*Problem to work on:*
Copy out all lines bearing the word "longleftrightarrow" from the listing below.

╭─ Data in this exercise

lemma heads_linked_swap_front:
  assumes cancel: "\<And>c b z. length b < m \<Longrightarrow> swap_equiv W (c # b) (c # z) \<Longrightarrow> swap_equiv W b z"
    and linked: "heads_linked W x u (hd p) (tl p @ b)" and len: "length (tl p @ b) = m"
    and pq: "p \<in> W" "q \<in> W" "p \<noteq> []" "q \<noteq> []"
  shows "heads_linked W x u (hd q) (tl q @ b)"
proof -
  from linked consider "x = hd p" "swap_equiv W u (tl p @ b)"
    | p' q' z where "p' \<in> W" "q' \<in> W" "p' \<noteq> []" "hd p' = x" "hd q' = hd p"
      "swap_equiv W u (tl p' @ z)" "swap_equiv W (tl p @ b) (tl q' @ z)"
    unfolding heads_linked_def by blast
  then show ?thesis
  proof cases
    case 1
    then show ?thesis unfolding heads_linked_def using pq by blast
  next
    case (2 p' q' z)
    have "q' = p"
      using 2 pq(1) inj_onD[OF inj_hd] by metis
    then have "swap_equiv W b z"
      using 2 len by (auto intro: swap_equiv_cancel_prefix[OF cancel])
    then have "swap_equiv W (tl q @ b) (tl q @ z)"
      by (rule swap_equiv_append_left)
    then show ?thesis unfolding heads_linked_def using 2 pq by blast
  qed
qed

lemma heads_linked_step:
  assumes cancel: "\<And>c b z. length b < m \<Longrightarrow> swap_equiv W (c # b) (c # z) \<Longrightarrow> swap_equiv W b z"
    and linked: "heads_linked W x u y' v'" and len: "length v' = m"
    and step: "factor_swap W (y' # v') (y # v)"
  shows "heads_linked W x u y v"
proof -
  obtain a b p q where pq: "p \<in> W" "q \<in> W" "y' # v' = a @ p @ b" "y # v = a @ q @ b"
    using step unfolding factor_swap_def by blast
  show ?thesis
  proof (cases a)
    case Nil
    show ?thesis
    proof (cases "p = q")
      case True
      then have "y' # v' = y # v" using pq(3,4) by simp
      then show ?thesis using linked by simp
    next
      case False
      then have "p \<noteq> []" "q \<noteq> []"
        using distinct_relators_heads pq(1,2) by auto
      moreover from this have "y' = hd p" "v' = tl p @ b" "y = hd q" "v = tl q @ b"
        using pq(3,4) Nil by (auto simp: neq_Nil_conv)
      ultimately show ?thesis
        using heads_linked_swap_front[OF cancel _ _ pq(1,2)] linked len by simp
    qed
  next
    case (Cons a0 a')
    then have "y' = y" and "factor_swap W v v'"
      using pq unfolding factor_swap_def by auto
    then show ?thesis
      using heads_linked_swap_tail linked by simp
  qed
qed

lemma heads_linked_if_swap_equiv:
  assumes cancel: "\<And>c b z. length b < m \<Longrightarrow> swap_equiv W (c # b) (c # z) \<Longrightarrow> swap_equiv W b z"
    and "length u = m" and "swap_equiv W (x # u) (y # v)"
  shows "heads_linked W x u y v"
proof -
  have "\<forall>y v. w = y # v \<longrightarrow> heads_linked W x u y v" if "swap_equiv W (x # u) w" for w
    using that
  proof induction
    case base
    then show ?case unfolding heads_linked_def by simp
  next
    case (step w' w)
    have "length w' = Suc m"
      using swap_equiv_length[OF same_length step(1)] \<open>length u = m\<close> by simp
    then obtain y' v' where w': "w' = y' # v'" and len: "length v' = m"
      by (cases w') auto
    have linked: "heads_linked W x u y' v'"
      using step.IH w' by blast
    show ?case
      using heads_linked_step[of m x u y' v'] cancel linked len step(2) w' by blast
  qed
  then show ?thesis using assms(3) by blast
qed

lemma swap_equiv_cancel_Cons: "swap_equiv W (c # u) (c # v) \<Longrightarrow> swap_equiv W u v"
proof (induction "length u" arbitrary: c u v rule: less_induct)
  case less
  have "heads_linked W c u c v"
    using heads_linked_if_swap_equiv[of "length u" u c c v] less by blast
  then show ?case
    by (rule heads_linked_same_head)
qed

lemma swap_equiv_cancel_left: "swap_equiv W (c @ u) (c @ v) \<Longrightarrow> swap_equiv W u v"
  by (induction c) (auto dest: swap_equiv_cancel_Cons)

end

lemma swap_equiv_cancel_right:
  assumes same_length: "\<And>p q. p \<in> W \<Longrightarrow> q \<in> W \<Longrightarrow> length p = length q"
    and "inj_on last W" and "swap_equiv W (u @ c) (v @ c)"
  shows "swap_equiv W u v"
proof -
  interpret rev: head_distinct_relators "rev ` W"
  proof
    show "length p = length q" if "p \<in> rev ` W" "q \<in> rev ` W" for p q
      using that by (auto dest: same_length)
    show "inj_on hd (rev ` W)"
      using assms(2) by (intro inj_on_imageI) (simp add: comp_def hd_rev)
  qed
  have "swap_equiv (rev ` W) (rev c @ rev u) (rev c @ rev v)"
    using swap_equiv_rev[OF assms(3)] by simp
  then have "swap_equiv (rev ` W) (rev u) (rev v)"
    by (rule rev.swap_equiv_cancel_left)
  then have "swap_equiv (rev ` rev ` W) (rev (rev u)) (rev (rev v))"
    by (rule swap_equiv_rev)
  then show ?thesis
    by (simp add: image_image)
qed

lemma base_word_eq_perm_word_id: "base_word n = perm_word n id"
  by (simp add: base_word_def perm_word_def)

lemma length_perm_word [simp]: "length (perm_word n s) = n"
  by (simp add: perm_word_def)

lemma hd_perm_word: "1 \<le> n \<Longrightarrow> hd (perm_word n s) = s 1"
  by (simp add: perm_word_def upt_conv_Cons del: upt_Suc)

lemma last_perm_word: "1 \<le> n \<Longrightarrow> last (perm_word n s) = s n"
  by (simp add: perm_word_def last_map)

lemma perm_word_eq_Cons: "1 \<le> n \<Longrightarrow> perm_word n s = s 1 # tl (perm_word n s)"
  by (simp add: perm_word_def upt_conv_Cons del: upt_Suc)

lemma perm_word_eq_snoc: "1 \<le> n \<Longrightarrow> perm_word n s = butlast (perm_word n s) @ [s n]"
  by (simp add: perm_word_def)

lemma append_in_words_iff: "u @ v \<in> words n \<longleftrightarrow> u \<in> words n \<and> v \<in> words n"
  by (simp add: words_def)

lemma perm_word_in_words: "s permutes {1..n} \<Longrightarrow> perm_word n s \<in> words n"
  by (simp add: words_def perm_word_def permutes_image atLeastLessThanSuc_atLeastAtMost del: upt_Suc)

lemma perm_word_inj:
  assumes "s permutes {1..n}" "t permutes {1..n}" and "perm_word n s = perm_word n t"
  shows "s = t"
proof
  fix i
  show "s i = t i"
  proof (cases "i \<in> {1..n}")
    case True
    then show ?thesis using assms(3) by (simp add: perm_word_def map_eq_conv del: upt_Suc)
  next
    case False
    then show ?thesis using assms(1,2) by (simp add: permutes_not_in)
  qed
qed

lemma pres_eq_iff_swap_equiv:
  assumes "id \<in> H"
  shows "pres_eq n H u v \<longleftrightarrow> swap_equiv (perm_word n ` H) u v"
proof
  show "swap_equiv (perm_word n ` H) u v" if "pres_eq n H u v"
    using that
  proof induction
    case (rel s u v)
    then have "factor_swap (perm_word n ` H) (u @ base_word n @ v) (u @ perm_word n s @ v)"
      using assms unfolding factor_swap_def base_word_eq_perm_word_id by blast
    then show ?case by blast
  qed (auto dest: swap_equiv_sym)
  show "pres_eq n H u v" if "swap_equiv (perm_word n ` H) u v"
    using that
  proof induction
    case (step y z)
    then obtain a b s t where "s \<in> H" "t \<in> H"
        "y = a @ perm_word n s @ b" "z = a @ perm_word n t @ b"
      unfolding factor_swap_def by blast
    then have "pres_eq n H y z"
      by (metis pres_eq.rel pres_eq.sym pres_eq.trans)
    then show ?case using step.IH pres_eq.trans by blast
  qed (rule pres_eq.refl)
qed

lemma pres_eq_short_eq:
  assumes "id \<in> H" and "pres_eq n H v w" and "length v < n"
  shows "v = w"
proof (rule swap_equiv_short_eq)
  show "swap_equiv (perm_word n ` H) v w"
    using assms(1,2) pres_eq_iff_swap_equiv by blast
qed (use assms(3) in auto)

lemma permutes_if_in_subgroup: "subgroup H (sym_group n) \<Longrightarrow> s \<in> H \<Longrightarrow> s permutes {1..n}"
  using subgroup.mem_carrier[of H "sym_group n" s] by (simp add: sym_group_carrier)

╰─

*Response area:*
lemma append_in_words_iff: "u @ v \<in> words n \<longleftrightarrow> u \<in> words n \<and> v \<in> words n"
  shows "pres_eq n H u v \<longleftrightarrow> swap_equiv (perm_word n ` H) u v"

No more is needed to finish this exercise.